The [Kennedy Institute] is dedicated to educating the public about the important role of the Senate in our government, encouraging participatory democracy, invigorating civil discourse and inspiring the next generation of citizens and leaders to engage in the civic life of their communities,” the institute website states. 

Edward M. Kennedy, the institute’s namesake, served as a Massachusetts senator for nine consecutive terms from 1962 to 2009. Kennedy fought for civil rights, education and health care benefits during his time as a senator. Students who visit can experience working in a real Senate building and learn more about national politics and its implications. 

The “Seat at the Table” exhibit is inspired by late Congresswoman Shirley Chisholm, the first African American woman elected to Congress in 1968. She acted as an advocate for female representation and racial diversity in government. WHS students had the opportunity to see handmade chairs that represent significant figures to explore the relationship between personal identity, cultural values and politics. 

During the trip, the students were able to see the exhibit, discuss the current impeachment and act out congressional situations. Receiving points for voting in accordance with what their state supported, students discovered that even a simple decision like a national ice cream sundae can take negotiations, compromise and multiple tries to pass a law despite complications such as presidential veto.

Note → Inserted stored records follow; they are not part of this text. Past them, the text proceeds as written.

(* Let $e_b>0$ and define $\xi$ by $$\xi e_b=\tfrac12-\tfrac{1}{2\sqrt2}(1-3e_b)+\sqrt{\tfrac{1-(1-3e_b)^2}{24}} .$$ Assume $\xi\ge1$, $e_b<\frac{1}{2(1+\xi)}$ and $e_b<\frac{1}{2\xi}$. For $a\in[0,e_b]$ consider the initial triple $(p_X,p_Y,p_Z)=(e_b-a,\;a,\;\xi e_b-a)$. Fix any finite sequence of B steps and P steps whose first step is a B step, let $(p_X',p_Y',p_Z')$ be the result of applying it, and let $R(a)=1-H_2(p_X'+p_Y')-H_2(p_Z'+p_Y')$. Then the minimum of $R(a)$ over $a\in[0,e_b]$ (the worst case) is attained at $a=0$.
   Context: $H_2(p)=-p\log_2 p-(1-p)\log_2(1-p)$. A B step maps $(p_X,p_Y,p_Z)$ to $p_X'=(p_X^2+p_Y^2)/p_S$, $p_Y'=2p_Xp_Y/p_S$, $p_Z'=2(1-p_X-p_Y-p_Z)p_Z/p_S$ with $p_S=1-2(p_X+p_Y)(1-p_X-p_Y)$. A P step maps $(p_X,p_Y,p_Z)$, with $p_I=1-p_X-p_Y-p_Z$, to $p_X'=3p_I^2(p_X+p_Y)+6p_Ip_Xp_Z+3p_X^2p_Y+p_X^3$, $p_Y'=6p_Ip_Yp_Z+3p_X(p_Y^2+p_Z^2)+3p_Yp_Z^2+p_Y^3$, $p_Z'=3p_I(p_Y^2+p_Z^2)+6p_Xp_Yp_Z+3p_Y^2p_Z+p_Z^3$. This is the (worst-case) two-photon SARG04 initial state, with $e_b$ the bit error rate and $a$ the $Y$-error rate. *)

theory Defs
  imports Complex_Main
begin

text \<open>Binary entropy (log base 2). Isabelle's log 2 0 = 0, so H2 0 = H2 1 = 0.\<close>
definition H2 :: "real \<Rightarrow> real" where
  "H2 p = - p * log 2 p - (1 - p) * log 2 (1 - p)"

type_synonym triple = "real \<times> real \<times> real"

definition B_step :: "triple \<Rightarrow> triple" where
  "B_step t = (case t of (pX, pY, pZ) \<Rightarrow>
     let pS = 1 - 2 * (pX + pY) * (1 - pX - pY) in
     ((pX^2 + pY^2) / pS, 2 * pX * pY / pS, 2 * (1 - pX - pY - pZ) * pZ / pS))"

definition P_step :: "triple \<Rightarrow> triple" where
  "P_step t = (case t of (pX, pY, pZ) \<Rightarrow>
     let pI = 1 - pX - pY - pZ in
     (3 * pI^2 * (pX + pY) + 6 * pI * pX * pZ + 3 * pX^2 * pY + pX^3,
      6 * pI * pY * pZ + 3 * pX * (pY^2 + pZ^2) + 3 * pY * pZ^2 + pY^3,
      3 * pI * (pY^2 + pZ^2) + 6 * pX * pY * pZ + 3 * pY^2 * pZ + pZ^3))"

datatype step = B | P

fun apply_step :: "step \<Rightarrow> triple \<Rightarrow> triple" where
  "apply_step B t = B_step t"
| "apply_step P t = P_step t"

fun apply_steps :: "step list \<Rightarrow> triple \<Rightarrow> triple" where
  "apply_steps [] t = t"
| "apply_steps (s # ss) t = apply_steps ss (apply_step s t)"

definition rate :: "step list \<Rightarrow> real \<Rightarrow> real \<Rightarrow> real \<Rightarrow> real" where
  "rate ss eb xi a = (case apply_steps ss (eb - a, a, xi * eb - a) of
     (pX, pY, pZ) \<Rightarrow> 1 - H2 (pX + pY) - H2 (pZ + pY))"

end

theory Submission
  imports Defs
begin

text \<open>
  Pass to the Bloch-vector coordinates \<open>b = 1 - 2(p\<^sub>X + p\<^sub>Y)\<close>, \<open>f = 1 - 2(p\<^sub>Y + p\<^sub>Z)\<close>,
  \<open>g = 1 - 2(p\<^sub>X + p\<^sub>Z)\<close>, so that the bit and phase error rates are \<open>(1 - b)/2\<close>
  and \<open>(1 - f)/2\<close>.
  For the initial triple \<open>(e\<^sub>b - a, a, \<xi>e\<^sub>b - a)\<close> only \<open>g = 1 - 2e\<^sub>b - 2\<xi>e\<^sub>b + 4a\<close>
  depends on \<open>a\<close>, and it increases with \<open>a\<close>. After the first B step every triple lies in the
  region \<open>0 < b \<le> 1, 0 \<le> g \<le> f \<le> 1, g \<le> b\<close>; both maps preserve this region and, for
  fixed \<open>b\<close>, are monotone in \<open>(f, g)\<close> on it. Hence the final \<open>f\<close> increases with \<open>a\<close>,
  so the phase error rate decreases, and since \<open>H\<^sub>2\<close> increases on \<open>[0, 1/2]\<close> the rate
  is smallest at \<open>a = 0\<close>.
\<close>

fun bloch :: "triple \<Rightarrow> triple" where
  "bloch (x, y, z) = (1 - 2*(x+y), 1 - 2*(y+z), 1 - 2*(x+z))"

fun B_bloch :: "triple \<Rightarrow> triple" where
  "B_bloch (b, f, g) = (2*b/(1+b^2), (f^2+g^2)/(1+b^2), 2*f*g/(1+b^2))"

fun P_bloch :: "triple \<Rightarrow> triple" where
  "P_bloch (b, f, g) = (b^3, (3*f - f^3)/2, (3*b^2*g - g^3)/2)"

fun step_bloch :: "step \<Rightarrow> triple \<Rightarrow> triple" where
  "step_bloch B = B_bloch"
| "step_bloch P = P_bloch"

fun rate_bloch :: "triple \<Rightarrow> real" where
  "rate_bloch (b, f, g) = 1 - H2 ((1 - b)/2) - H2 ((1 - f)/2)"

fun admissible :: "triple \<Rightarrow> bool" where
  "admissible (b, f, g) \<longleftrightarrow> 0 < b \<and> b \<le> 1 \<and> 0 \<le> g \<and> g \<le> f \<and> f \<le> 1 \<and> g \<le> b"

fun le_same_b :: "triple \<Rightarrow> triple \<Rightarrow> bool" where
  "le_same_b (b, f, g) (b', f', g') \<longleftrightarrow> b = b' \<and> f \<le> f' \<and> g \<le> g'"

lemma bloch_B_step: "bloch (B_step t) = B_bloch (bloch t)"
proof -
  obtain x y z where t: "t = (x, y, z)" by (cases t)
  define s where "s = x + y"
  have pS: "1 - 2 * s * (1 - s) = (1 + (1 - 2*s)^2) / 2"
    by (simp add: power2_eq_square algebra_simps)
  have "0 < 1 + (1 - 2*s)^2" by (simp add: add_pos_nonneg)
  then show ?thesis
    unfolding t B_step_def Let_def
    by (simp add: s_def [symmetric] diff_diff_eq [symmetric] pS divide_simps)
       (simp add: s_def power2_eq_square algebra_simps)
qed

lemma bloch_P_step: "bloch (P_step t) = P_bloch (bloch t)"
  by (cases t) (simp add: P_step_def Let_def power2_eq_square power3_eq_cube algebra_simps)

lemma bloch_apply_steps: "bloch (apply_steps ss t) = fold step_bloch ss (bloch t)"
proof (induction ss arbitrary: t)
  case (Cons s ss)
  then show ?case by (cases s) (simp_all add: bloch_B_step bloch_P_step)
qed simp

lemma rate_eq_rate_bloch:
  "rate ss eb xi a = rate_bloch (fold step_bloch ss (bloch (eb - a, a, xi * eb - a)))"
proof -
  obtain x y z where xyz: "apply_steps ss (eb - a, a, xi * eb - a) = (x, y, z)"
    by (cases "apply_steps ss (eb - a, a, xi * eb - a)")
  then have "fold step_bloch ss (bloch (eb - a, a, xi * eb - a)) = bloch (x, y, z)"
    by (metis bloch_apply_steps)
  then show ?thesis unfolding rate_def xyz by (simp add: add_divide_distrib add.commute)
qed

lemma H2_nonneg:
  assumes "0 \<le> p" "p \<le> 1"
  shows "0 \<le> H2 p"
proof -
  consider "p = 0" | "p = 1" | "0 < p" "p < 1" using assms by linarith
  then show ?thesis
  proof cases
    case 3
    then have "p * log 2 p \<le> 0" "(1 - p) * log 2 (1 - p) \<le> 0"
      by (simp_all add: mult_nonneg_nonpos)
    then show ?thesis by (simp add: H2_def)
  qed (simp_all add: H2_def)
qed

lemma H2_mono:
  assumes "0 \<le> p" "p \<le> q" "q \<le> 1/2"
  shows "H2 p \<le> H2 q"
proof (cases "p = 0")
  case True
  then show ?thesis using assms H2_nonneg [of q] by (simp add: H2_def)
next
  case False
  then have "0 < p" using assms by simp
  define h where "h x = - (x * ln x) - (1 - x) * ln (1 - x)" for x :: real
  have "h p \<le> h q"
  proof (rule DERIV_nonneg_imp_increasing_open [OF \<open>p \<le> q\<close>])
    fix x assume "p < x" "x < q"
    then have x: "0 < x" "x \<le> 1 - x" using \<open>0 < p\<close> assms by auto
    have "DERIV h x :> ln (1 - x) - ln x"
      unfolding h_def using x by (auto intro!: derivative_eq_intros)
    moreover have "0 \<le> ln (1 - x) - ln x" using x by simp
    ultimately show "\<exists>y. DERIV h x :> y \<and> y \<ge> 0" by blast
  next
    show "continuous_on {p..q} h"
      unfolding h_def using \<open>0 < p\<close> assms by (intro continuous_intros) auto
  qed
  moreover have "H2 x = h x / ln 2" if "0 < x" "x < 1" for x
    using that by (simp add: H2_def h_def log_def diff_divide_distrib)
  ultimately show ?thesis using \<open>0 < p\<close> assms by (simp add: divide_right_mono)
qed

lemma cubic_mono:
  fixes x y c :: real
  assumes "0 \<le> x" "x \<le> y" "y^2 \<le> c"
  shows "3*c*x - x^3 \<le> 3*c*y - y^3"
proof -
  have "x^2 \<le> y^2" using assms by (simp add: power_mono)
  have "x*y \<le> y^2" using assms by (simp add: power2_eq_square mult_right_mono)
  have "(3*c*y - y^3) - (3*c*x - x^3) = (y - x) * ((c - y^2) + (c - x*y) + (c - x^2))"
    by (simp add: power2_eq_square power3_eq_cube algebra_simps)
  also have "\<dots> \<ge> 0"
    using assms \<open>x^2 \<le> y^2\<close> \<open>x*y \<le> y^2\<close> by (intro mult_nonneg_nonneg) linarith+
  finally show ?thesis by simp
qed

lemma admissible_B_bloch:
  assumes "0 < b" "b \<le> 1" "0 \<le> f" "0 \<le> g" "f^2 + g^2 \<le> 1 + b^2" "f*g \<le> b"
  shows "admissible (B_bloch (b, f, g))"
proof -
  have N: "0 < 1 + b^2" by (simp add: add_pos_nonneg)
  have "2*b \<le> 1 + b^2" "2*f*g \<le> f^2 + g^2"
    using zero_le_power2 [of "b - 1"] zero_le_power2 [of "f - g"]
    by (simp_all add: power2_eq_square algebra_simps)
  then show ?thesis using assms N by (simp add: divide_right_mono)
qed

lemma admissible_B_bloch_of_admissible:
  assumes "admissible t"
  shows "admissible (B_bloch t)"
proof -
  obtain b f g where t: "t = (b, f, g)" by (cases t)
  have h: "0 < b" "b \<le> 1" "0 \<le> g" "g \<le> f" "f \<le> 1" "g \<le> b"
    using assms by (simp_all add: t)
  have "f^2 \<le> 1" "g^2 \<le> b^2" using h by (simp_all add: power_le_one power_mono)
  then have "f^2 + g^2 \<le> 1 + b^2" by linarith
  moreover have "f*g \<le> 1*b" using h by (intro mult_mono) auto
  ultimately show ?thesis unfolding t using h by (intro admissible_B_bloch) auto
qed

lemma admissible_B_bloch_of_le:
  assumes "0 < b" "b \<le> 1" "0 \<le> f" "f \<le> b" "0 \<le> g" "g \<le> f + (1 - b)"
  shows "admissible (B_bloch (b, f, g))"
proof -
  have "g \<le> 1" using assms by simp
  then have "f^2 \<le> b^2" "g^2 \<le> 1" using assms by (simp_all add: power_mono power_le_one)
  then have "f^2 + g^2 \<le> 1 + b^2" by linarith
  moreover have "f*g \<le> b*1" using assms \<open>g \<le> 1\<close> by (intro mult_mono) auto
  ultimately show ?thesis using assms by (intro admissible_B_bloch) auto
qed

lemma admissible_P_bloch:
  assumes "admissible t"
  shows "admissible (P_bloch t)"
proof -
  obtain b f g where t: "t = (b, f, g)" by (cases t)
  have h: "0 < b" "b \<le> 1" "0 \<le> g" "g \<le> f" "f \<le> 1" "g \<le> b"
    using assms by (simp_all add: t)
  have "b^2 \<le> 1" using h by (simp add: power_le_one)
  have "0 \<le> 3*b^2*0 - 0^3" by simp
  also have "\<dots> \<le> 3*b^2*g - g^3"
    using cubic_mono [of 0 g "b^2"] h by (simp add: power_mono)
  finally have g_nonneg: "0 \<le> 3*b^2*g - g^3" .
  have g_le_b: "3*b^2*g - g^3 \<le> 3*b^2*b - b^3"
    using cubic_mono [of g b "b^2"] h by simp
  have "3*b^2*g - g^3 \<le> 3*1*g - g^3"
    using h \<open>b^2 \<le> 1\<close> by (simp add: mult_right_mono)
  also have "\<dots> \<le> 3*1*f - f^3"
    using cubic_mono [of g f 1] h by (simp add: power_le_one)
  finally have g_le_f: "3*b^2*g - g^3 \<le> 3*f - f^3" by simp
  have f_le_1: "3*1*f - f^3 \<le> 3*1*1 - 1^3"
    using cubic_mono [of f 1 1] h by simp
  have "3*b^2*b - b^3 = 2*b^3" by (simp add: power2_eq_square power3_eq_cube)
  then show ?thesis
    unfolding t using h g_nonneg g_le_b g_le_f f_le_1 by (simp add: power_le_one)
qed

lemma admissible_step_bloch: "admissible t \<Longrightarrow> admissible (step_bloch s t)"
  by (cases s) (simp_all add: admissible_B_bloch_of_admissible admissible_P_bloch)

lemma admissible_fold_step_bloch: "admissible t \<Longrightarrow> admissible (fold step_bloch ss t)"
  by (induction ss arbitrary: t) (simp_all add: admissible_step_bloch)

lemma B_bloch_mono:
  assumes "0 \<le> f" "0 \<le> g" "f \<le> f'" "g \<le> g'"
  shows "le_same_b (B_bloch (b, f, g)) (B_bloch (b, f', g'))"
proof -
  have N: "0 < 1 + b^2" by (simp add: add_pos_nonneg)
  have "f^2 + g^2 \<le> f'^2 + g'^2" "f*g \<le> f'*g'"
    using assms by (auto intro: add_mono power_mono mult_mono)
  then show ?thesis using N by (simp add: divide_right_mono)
qed

lemma P_bloch_mono:
  assumes "admissible t" "admissible u" "le_same_b t u"
  shows "le_same_b (P_bloch t) (P_bloch u)"
proof -
  obtain b f g where t: "t = (b, f, g)" by (cases t)
  obtain b' f' g' where u: "u = (b', f', g')" by (cases u)
  have h: "0 \<le> f" "0 \<le> g" "b' = b" "f \<le> f'" "g \<le> g'" "f' \<le> 1" "g' \<le> b" "0 < b"
    using assms by (auto simp: t u)
  have "3*1*f - f^3 \<le> 3*1*f' - f'^3"
    using cubic_mono [of f f' 1] h by (simp add: power_le_one)
  moreover have "3*b^2*g - g^3 \<le> 3*b^2*g' - g'^3"
    using cubic_mono [of g g' "b^2"] h by (simp add: power_mono)
  ultimately show ?thesis unfolding t u using h by simp
qed

lemma step_bloch_mono:
  assumes "admissible t" "admissible u" "le_same_b t u"
  shows "le_same_b (step_bloch s t) (step_bloch s u)"
proof -
  obtain b f g where t: "t = (b, f, g)" by (cases t)
  obtain b' f' g' where u: "u = (b', f', g')" by (cases u)
  show ?thesis
    using assms B_bloch_mono [of f g f' g' b] P_bloch_mono [of t u]
    by (cases s) (auto simp: t u)
qed

lemma fold_step_bloch_mono:
  "admissible t \<Longrightarrow> admissible u \<Longrightarrow> le_same_b t u
    \<Longrightarrow> le_same_b (fold step_bloch ss t) (fold step_bloch ss u)"
  by (induction ss arbitrary: t u) (simp_all add: admissible_step_bloch step_bloch_mono)

lemma rate_bloch_mono:
  assumes "admissible t" "admissible u" "le_same_b t u"
  shows "rate_bloch t \<le> rate_bloch u"
proof -
  obtain b f g where t: "t = (b, f, g)" by (cases t)
  obtain b' f' g' where u: "u = (b', f', g')" by (cases u)
  have "0 \<le> f" "f \<le> f'" "f' \<le> 1" "b' = b"
    using assms by (auto simp: t u)
  then have "H2 ((1 - f')/2) \<le> H2 ((1 - f)/2)" by (intro H2_mono) auto
  then show ?thesis unfolding t u using \<open>b' = b\<close> by simp
qed

theorem rate_minimal_at_zero:
  fixes eb xi a :: real
  assumes "0 < eb" "1 \<le> xi" "2 * (1 + xi) * eb < 1"
    and "ss \<noteq> []" "hd ss = B" "a \<in> {0..eb}"
  shows "rate ss eb xi 0 \<le> rate ss eb xi a"
proof -
  obtain ss' where ss: "ss = B # ss'" using assms(4,5) by (cases ss) auto
  define w where "w = xi * eb"
  define b where "b = 1 - 2*eb"
  define f where "f = 1 - 2*w"
  define g where "g c = 1 - 2*eb - 2*w + 4*c" for c
  have bloch_initial: "bloch (eb - c, c, xi * eb - c) = (b, f, g c)" for c
    by (simp add: w_def b_def f_def g_def)
  have "eb \<le> w" "2 * (eb + w) < 1" using assms by (auto simp: w_def algebra_simps)
  have "0 \<le> a" "a \<le> eb" using assms by auto
  have after_B: "admissible (B_bloch (b, f, g c))" if "c \<in> {0, a}" for c
    using \<open>0 < eb\<close> \<open>eb \<le> w\<close> \<open>2 * (eb + w) < 1\<close> \<open>0 \<le> a\<close> \<open>a \<le> eb\<close> that
    by (intro admissible_B_bloch_of_le) (auto simp: b_def f_def g_def algebra_simps)
  have "le_same_b (B_bloch (b, f, g 0)) (B_bloch (b, f, g a))"
    using \<open>0 < eb\<close> \<open>eb \<le> w\<close> \<open>2 * (eb + w) < 1\<close> \<open>0 \<le> a\<close>
    by (intro B_bloch_mono) (auto simp: f_def g_def)
  then have "rate_bloch (fold step_bloch ss' (B_bloch (b, f, g 0)))
      \<le> rate_bloch (fold step_bloch ss' (B_bloch (b, f, g a)))"
    using after_B by (intro rate_bloch_mono fold_step_bloch_mono admissible_fold_step_bloch) auto
  then show ?thesis unfolding rate_eq_rate_bloch ss bloch_initial by (simp del: B_bloch.simps)
qed

theorem corollary2:
  fixes eb xi :: real and ss :: "step list"
  assumes "eb > 0"
    and "xi * eb = 1/2 - (1 - 3*eb) / (2 * sqrt 2) + sqrt ((1 - (1 - 3*eb)^2) / 24)"
    and "xi \<ge> 1"
    and "eb < 1 / (2 * (1 + xi))"
    and "eb < 1 / (2 * xi)"
    and "ss \<noteq> []" and "hd ss = B"
  shows "\<forall>a \<in> {0..eb}. rate ss eb xi 0 \<le> rate ss eb xi a"
proof
  fix a :: real
  assume "a \<in> {0..eb}"
  have "2 * (1 + xi) * eb < 1"
    using assms(3,4) by (simp add: field_simps)
  from rate_minimal_at_zero [OF assms(1,3) this assms(6,7) \<open>a \<in> {0..eb}\<close>]
  show "rate ss eb xi 0 \<le> rate ss eb xi a" .
qed

end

“We as senators voted on toppings such as peanut butter cups and gummy bears. In the simulation, the House voted on raisins and orange slices. The compromise ended up being peanut butter cups and orange slices, which the President vetoed, probably because that would be disgusting. We then repeated the simulation in order to try to pass the law,” senior Lindsay Navick said. “Overall the simulation showed how laws were made, but also how you can’t always get exactly what you want, but can come to a compromise.”

This field trip built upon the curriculum the students are learning in class with teacher Samantha Rafferty. Students used this opportunity to further their awareness about politics in the country, so they can understand the issues and vote when they turn 18 for their own representatives. They looked into what the Constitution says on impeachment, the process that must happen and the reasoning for it. Then, they voted on impeachment themselves. Their recreation of Congress gave insight to how laws get passed in real life. 

“The biggest takeaway from the trip was how complex lawmaking was. I am still not a fan of the partisan way politics are performed today. However, I did gain a greater understanding for the way politics are intended to be run. It is important that we pay attention to what is going on around us so that we are able to prevent issues from arising or stop them from continuing sooner rather than later,” Navick said.